lemma sum_double_summand_over_k:
  assumes "j \<le> n"
  shows "(\<Sum>k\<le>l. double_summand l m n v j k) = dual_summand l m n v j / (P l * P (l + v))"
proof (cases "j \<le> m")
  case False
  then show ?thesis
    by (simp add: double_summand_def dual_summand_def)
next
  case True
  define X where "X = q ^ ((m - j) * (n - j)) / (P (l + j) * P (m - j) * P (n - j))"
  define g where "g i = q ^ ((l + v - i) * (l - i)) * qbinom (l + v) i * qbinom j (l - i)" for i
  have "double_summand l m n v j (l - i) = X * g i / (P (l + v) * P j)" if "i \<le> l" for i
  proof (cases "l - i \<le> j")
    case True
    have e: "l - (l - i) = i" "v + (l - i) = l + v - i"
      using that by simp_all
    show ?thesis
      using True that \<open>j \<le> m\<close> assms
      by (simp add: e double_summand_def X_def g_def qbinom_def power_add mult.commute[of "l - i"])
        (simp add: divide_simps ac_simps)
  qed (simp add: double_summand_def g_def)
  then have "(\<Sum>k\<le>l. double_summand l m n v j k) = X * (\<Sum>i\<le>l. g i) / (P (l + v) * P j)"
    by (subst sum_atMost_rev) (simp add: sum_distrib_left sum_divide_distrib)
  also have "(\<Sum>i\<le>l. g i) = qbinom (l + v + j) l"
    unfolding g_def by (rule q_vandermonde)
  finally show ?thesis
    using True assms by (simp add: X_def dual_summand_def qbinom_def field_simps)
qed

lemma sum_double_summand_over_j:
  assumes "k \<le> l"
  shows "(\<Sum>j\<le>n. double_summand l m n v j k) = lhs_summand l m n v k / (P (l + m) * P (l + n))"
proof (cases "k \<le> m \<and> k \<le> n")
  case False
  then show ?thesis
    by (auto simp: double_summand_def lhs_summand_def intro!: sum.neutral)
next
  case True
  then obtain a c where m: "m = k + a" and n: "n = k + c"
    by (metis le_add_diff_inverse)
  define Y where "Y = q ^ (k * (v + k)) / (P k * P (l - k) * P (v + k))"
  define g where "g i = q ^ ((a - i) * (c - i)) * qbinom a i * qbinom (l + n) (c - i)" for i
  have "double_summand l m n v (k + i) k = Y * g i / (P a * P (l + n))" if "i \<le> c" for i
  proof (cases "i \<le> a")
    case True
    have e: "l + n - (c - i) = l + (k + i)"
      using that by (simp add: n)
    show ?thesis
      using True that assms
      by (simp add: e m n double_summand_def Y_def g_def qbinom_def power_add field_simps)
  qed (simp add: m double_summand_def g_def)
  then have "(\<Sum>j\<le>n. double_summand l m n v j k) = Y * (\<Sum>i\<le>c. g i) / (P a * P (l + n))"
    by (subst sum_atMost_skip_initial_zeros[where s = k])
      (auto simp: n double_summand_def sum_distrib_left sum_divide_distrib)
  also have "(\<Sum>i\<le>c. g i) = qbinom (a + (l + n)) c"
    unfolding g_def by (rule q_vandermonde)
  finally show ?thesis
    using assms by (simp add: m n Y_def lhs_summand_def qbinom_def power_add field_simps)
qed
- - - -
- **Assignment**: Please restate the records word for word. Go from the first line to the line with "X * (\<Sum>i\<le>l." and include both.

- **Output**:
lemma sum_double_summand_over_k:
  assumes "j \<le> n"
  shows "(\<Sum>k\<le>l. double_summand l m n v j k) = dual_summand l m n v j / (P l * P (l + v))"
proof (cases "j \<le> m")
  case False
  then show ?thesis
    by (simp add: double_summand_def dual_summand_def)
next
  case True
  define X where "X = q ^ ((m - j) * (n - j)) / (P (l + j) * P (m - j) * P (n - j))"
  define g where "g i = q ^ ((l + v - i) * (l - i)) * qbinom (l + v) i * qbinom j (l - i)" for i
  have "double_summand l m n v j (l - i) = X * g i / (P (l + v) * P j)" if "i \<le> l" for i
  proof (cases "l - i \<le> j")
    case True
    have e: "l - (l - i) = i" "v + (l - i) = l + v - i"
      using that by simp_all
    show ?thesis
      using True that \<open>j \<le> m\<close> assms
      by (simp add: e double_summand_def X_def g_def qbinom_def power_add mult.commute[of "l - i"])
        (simp add: divide_simps ac_simps)
  qed (simp add: double_summand_def g_def)
  then have "(\<Sum>k\<le>l. double_summand l m n v j k) = X * (\<Sum>i\<le>l. g i) / (P (l + v) * P j)"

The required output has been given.